lemma L2_inner_kernel:
  "L2_inner (\<lambda>v. trunc_fun psi J a c v - q v) (\<lambda>v. s * kernel_t psi J x v)
     = s * (trunc_fun psi J a c x - checkq x)"
proof -
  define \<kappa> where "\<kappa> = trunc_fun psi J 1 (\<lambda>k j. psi k j (x $ k))"
  have bounded_trunc_fun: "\<exists>B. \<forall>v\<in>unit_cube. \<bar>trunc_fun psi J a' c' v\<bar> \<le> B" for a' c'
    using abs_trunc_fun_le by blast
  obtain B\<kappa> where B\<kappa>: "\<And>v. v \<in> unit_cube \<Longrightarrow> \<bar>\<kappa> v\<bar> \<le> B\<kappa>"
    using bounded_trunc_fun unfolding \<kappa>_def by blast
  obtain Bh where Bh: "\<And>v. v \<in> unit_cube \<Longrightarrow> \<bar>trunc_fun psi J a c v - checkq v\<bar> \<le> Bh"
    using bounded_trunc_fun[of "a - ac" "\<lambda>k j. c k j - cc k j"] by (auto simp: checkq_eq trunc_fun_diff)
  obtain Be where Be: "\<And>v. v \<in> unit_cube \<Longrightarrow> \<bar>q v - checkq v\<bar> \<le> Be"
    using bounded_q_minus_checkq by blast
  have "set_integrable lborel unit_cube (\<lambda>v. (trunc_fun psi J a c v - checkq v) * \<kappa> v)"
    using Bh B\<kappa> by (intro set_integrable_unit_cube_mult) (auto simp: set_borel_measurable_def \<kappa>_def)
  moreover have "set_integrable lborel unit_cube (\<lambda>v. (q v - checkq v) * \<kappa> v)"
    using Be B\<kappa> set_borel_measurable_q_minus_checkq
    by (intro set_integrable_unit_cube_mult) (auto simp: set_borel_measurable_def \<kappa>_def)
  ultimately have "L2_inner (\<lambda>v. trunc_fun psi J a c v - q v) \<kappa>
      = L2_inner (\<lambda>v. trunc_fun psi J a c v - checkq v) \<kappa> - L2_inner (\<lambda>v. q v - checkq v) \<kappa>"
    unfolding L2_inner_def by (simp add: left_diff_distrib flip: set_integral_diff(2))
  also have "L2_inner (\<lambda>v. q v - checkq v) \<kappa> = 0"
    unfolding \<kappa>_def by (intro proj_orth trunc_fun_in_basis_span)
  also have "L2_inner (\<lambda>v. trunc_fun psi J a c v - checkq v) \<kappa>
      = trunc_fun psi J (a - ac) (\<lambda>k j. c k j - cc k j) x"
    unfolding trunc_fun_minus_checkq \<kappa>_def L2_inner_trunc_fun by (simp add: trunc_fun_def)
  also have "\<dots> = trunc_fun psi J a c x - checkq x"
    by (simp add: checkq_eq trunc_fun_diff)
  finally show ?thesis
    by (simp add: L2_inner_def kernel_t_eq_trunc_fun \<kappa>_def mult.left_commute)
qed

end

section \<open>Conditioning on independent observations\<close>

lemma AE_distributed_in_support:
  assumes X: "distributed M N X f" and A: "{x \<in> space N. x \<in> A} \<in> sets N"
    and zero: "\<And>x. x \<in> space N \<Longrightarrow> x \<notin> A \<Longrightarrow> f x = 0"
  shows "AE \<omega> in M. X \<omega> \<in> A"
proof -
  have "AE x in density N f. x \<in> A"
  proof (subst AE_density[OF distributed_borel_measurable[OF X]], intro AE_I2 impI)
    fix x assume "x \<in> space N" "0 < f x"
    then show "x \<in> A"
      using zero[of x] by (cases "x \<in> A") auto
  qed
  then have "AE x in distr M N X. x \<in> A"
    unfolding distributed_distr_eq_density[OF X] .
  then show ?thesis
    using A by (simp add: AE_distr_iff[OF distributed_measurable[OF X]])
qed

lemma (in prob_space) integral_indep_var_le:
  fixes \<Phi> :: "'b \<times> 'b \<Rightarrow> real" and H :: "'b \<Rightarrow> real"
  assumes indep: "indep_var S D T Z"
    and \<Phi>_measurable: "\<Phi> \<in> borel_measurable (S \<Otimes>\<^sub>M T)"
    and \<Phi>_integrable: "integrable M (\<lambda>\<omega>. \<Phi> (D \<omega>, Z \<omega>))"
    and H_measurable: "H \<in> borel_measurable S" and H_integrable: "integrable M (\<lambda>\<omega>. H (D \<omega>))"
    and P: "Measurable.pred S P" "AE \<omega> in M. P (D \<omega>)"
    and le: "\<And>d. d \<in> space S \<Longrightarrow> P d \<Longrightarrow> (\<integral>\<omega>. \<Phi> (d, Z \<omega>) \<partial>M) \<le> H d"
  shows "(\<integral>\<omega>. \<Phi> (D \<omega>, Z \<omega>) \<partial>M) \<le> (\<integral>\<omega>. H (D \<omega>) \<partial>M)"
proof -
  have D[measurable]: "D \<in> measurable M S" and Z[measurable]: "Z \<in> measurable M T"
    using indep by (auto dest: indep_var_rv1 indep_var_rv2)
  note [measurable] = \<Phi>_measurable H_measurable P(1)
  have joint: "distr M S D \<Otimes>\<^sub>M distr M T Z = distr M (S \<Otimes>\<^sub>M T) (\<lambda>\<omega>. (D \<omega>, Z \<omega>))"
    using indep unfolding indep_var_distribution_eq by blast
  interpret DZ: pair_prob_space "distr M S D" "distr M T Z"
    by (intro pair_prob_space.intro pair_sigma_finite.intro prob_space_distr
        prob_space_imp_sigma_finite D Z)
  have \<Phi>_integrable_pair: "integrable (distr M S D \<Otimes>\<^sub>M distr M T Z) \<Phi>"
    unfolding joint using \<Phi>_integrable by (simp add: integrable_distr_eq)
  have "(\<integral>\<omega>. \<Phi> (D \<omega>, Z \<omega>) \<partial>M) = (\<integral>d. (\<integral>z. \<Phi> (d, z) \<partial>distr M T Z) \<partial>distr M S D)"
    using DZ.integral_fst'[OF \<Phi>_integrable_pair] unfolding joint by (simp add: integral_distr)
  also have "\<dots> \<le> (\<integral>d. H d \<partial>distr M S D)"
  proof (rule integral_mono_AE)
    show "integrable (distr M S D) (\<lambda>d. \<integral>z. \<Phi> (d, z) \<partial>distr M T Z)"
      by (rule DZ.integrable_fst'[OF \<Phi>_integrable_pair])
    show "integrable (distr M S D) H"
      using H_integrable by (simp add: integrable_distr_eq)
    have "AE d in distr M S D. P d"
      using P(2) by (simp add: AE_distr_iff)
    then show "AE d in distr M S D. (\<integral>z. \<Phi> (d, z) \<partial>distr M T Z) \<le> H d"
    proof (rule AE_mp[OF _ AE_I2], intro impI)
      fix d assume "d \<in> space (distr M S D)" "P d"
      then show "(\<integral>z. \<Phi> (d, z) \<partial>distr M T Z) \<le> H d"
        using le[of d] measurable_Pair2[OF \<Phi>_measurable, of d] by (simp add: integral_distr)
    qed
  qed
  also have "\<dots> = (\<integral>\<omega>. H (D \<omega>) \<partial>M)"
    by (simp add: integral_distr)
  finally show ?thesis .
qed

lemma (in prob_space) integral_indep_vars_le:
  fixes Z :: "'i \<Rightarrow> 'a \<Rightarrow> 'b" and \<Phi> :: "('i \<Rightarrow> 'b) \<Rightarrow> 'b \<Rightarrow> real" and H :: "('i \<Rightarrow> 'b) \<Rightarrow> real"
  assumes indep: "indep_vars (\<lambda>_. N) Z I" and I: "P \<subseteq> I" "i \<in> I" "i \<notin> P"
    and \<Phi>_measurable: "(\<lambda>p. \<Phi> (fst p) (snd p)) \<in> borel_measurable ((\<Pi>\<^sub>M j\<in>P. N) \<Otimes>\<^sub>M N)"
    and \<Phi>_integrable: "integrable M (\<lambda>\<omega>. \<Phi> (\<lambda>j\<in>P. Z j \<omega>) (Z i \<omega>))"
    and H_measurable: "H \<in> borel_measurable (\<Pi>\<^sub>M j\<in>P. N)"
    and H_integrable: "integrable M (\<lambda>\<omega>. H (\<lambda>j\<in>P. Z j \<omega>))"
    and Q: "Measurable.pred (\<Pi>\<^sub>M j\<in>P. N) Q" "AE \<omega> in M. Q (\<lambda>j\<in>P. Z j \<omega>)"
    and le: "\<And>d. d \<in> space (\<Pi>\<^sub>M j\<in>P. N) \<Longrightarrow> Q d \<Longrightarrow> (\<integral>\<omega>. \<Phi> d (Z i \<omega>) \<partial>M) \<le> H d"
  shows "(\<integral>\<omega>. \<Phi> (\<lambda>j\<in>P. Z j \<omega>) (Z i \<omega>) \<partial>M) \<le> (\<integral>\<omega>. H (\<lambda>j\<in>P. Z j \<omega>) \<partial>M)"
proof -
  have "indep_var (\<Pi>\<^sub>M j\<in>P. N) (\<lambda>\<omega>. \<lambda>j\<in>P. Z j \<omega>) (\<Pi>\<^sub>M j\<in>{i}. N) (\<lambda>\<omega>. \<lambda>j\<in>{i}. Z j \<omega>)"
    using I by (intro indep_var_restrict[OF indep]) auto
  moreover have "(\<lambda>p. (fst p, snd p i)) \<in> measurable ((\<Pi>\<^sub>M j\<in>P. N) \<Otimes>\<^sub>M (\<Pi>\<^sub>M j\<in>{i}. N)) ((\<Pi>\<^sub>M j\<in>P. N) \<Otimes>\<^sub>M N)"
    by measurable
  from measurable_compose[OF this \<Phi>_measurable]
  have "(\<lambda>p. \<Phi> (fst p) (snd p i)) \<in> borel_measurable ((\<Pi>\<^sub>M j\<in>P. N) \<Otimes>\<^sub>M (\<Pi>\<^sub>M j\<in>{i}. N))"
    by simp
  ultimately have "(\<integral>\<omega>. \<Phi> (fst (\<lambda>j\<in>P. Z j \<omega>, \<lambda>j\<in>{i}. Z j \<omega>)) (snd (\<lambda>j\<in>P. Z j \<omega>, \<lambda>j\<in>{i}. Z j \<omega>) i) \<partial>M)
      \<le> (\<integral>\<omega>. H (\<lambda>j\<in>P. Z j \<omega>) \<partial>M)"
  proof (rule integral_indep_var_le[where P = Q, OF _ _ _ H_measurable H_integrable Q])
    show "integrable M (\<lambda>\<omega>. \<Phi> (fst (\<lambda>j\<in>P. Z j \<omega>, \<lambda>j\<in>{i}. Z j \<omega>)) (snd (\<lambda>j\<in>P. Z j \<omega>, \<lambda>j\<in>{i}. Z j \<omega>) i))"
      using \<Phi>_integrable by (simp only: fst_conv snd_conv restrict_apply' singletonI)
    fix d assume "d \<in> space (\<Pi>\<^sub>M j\<in>P. N)" "Q d"
    then show "(\<integral>\<omega>. \<Phi> (fst (d, \<lambda>j\<in>{i}. Z j \<omega>)) (snd (d, \<lambda>j\<in>{i}. Z j \<omega>) i) \<partial>M) \<le> H d"
      using le by (simp only: fst_conv snd_conv restrict_apply' singletonI)
  qed
  then show ?thesis
    by (simp only: fst_conv snd_conv restrict_apply' singletonI)
qed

### What to work on
Nothing should be returned except the lines from the first line of the data above through the line with "obtain Bh where", each one exact.

### Task response
lemma L2_inner_kernel:
  "L2_inner (\<lambda>v. trunc_fun psi J a c v - q v) (\<lambda>v. s * kernel_t psi J x v)
     = s * (trunc_fun psi J a c x - checkq x)"
proof -
  define \<kappa> where "\<kappa> = trunc_fun psi J 1 (\<lambda>k j. psi k j (x $ k))"
  have bounded_trunc_fun: "\<exists>B. \<forall>v\<in>unit_cube. \<bar>trunc_fun psi J a' c' v\<bar> \<le> B" for a' c'
    using abs_trunc_fun_le by blast
  obtain B\<kappa> where B\<kappa>: "\<And>v. v \<in> unit_cube \<Longrightarrow> \<bar>\<kappa> v\<bar> \<le> B\<kappa>"
    using bounded_trunc_fun unfolding \<kappa>_def by blast
  obtain Bh where Bh: "\<And>v. v \<in> unit_cube \<Longrightarrow> \<bar>trunc_fun psi J a c v - checkq v\<bar> \<le> Bh"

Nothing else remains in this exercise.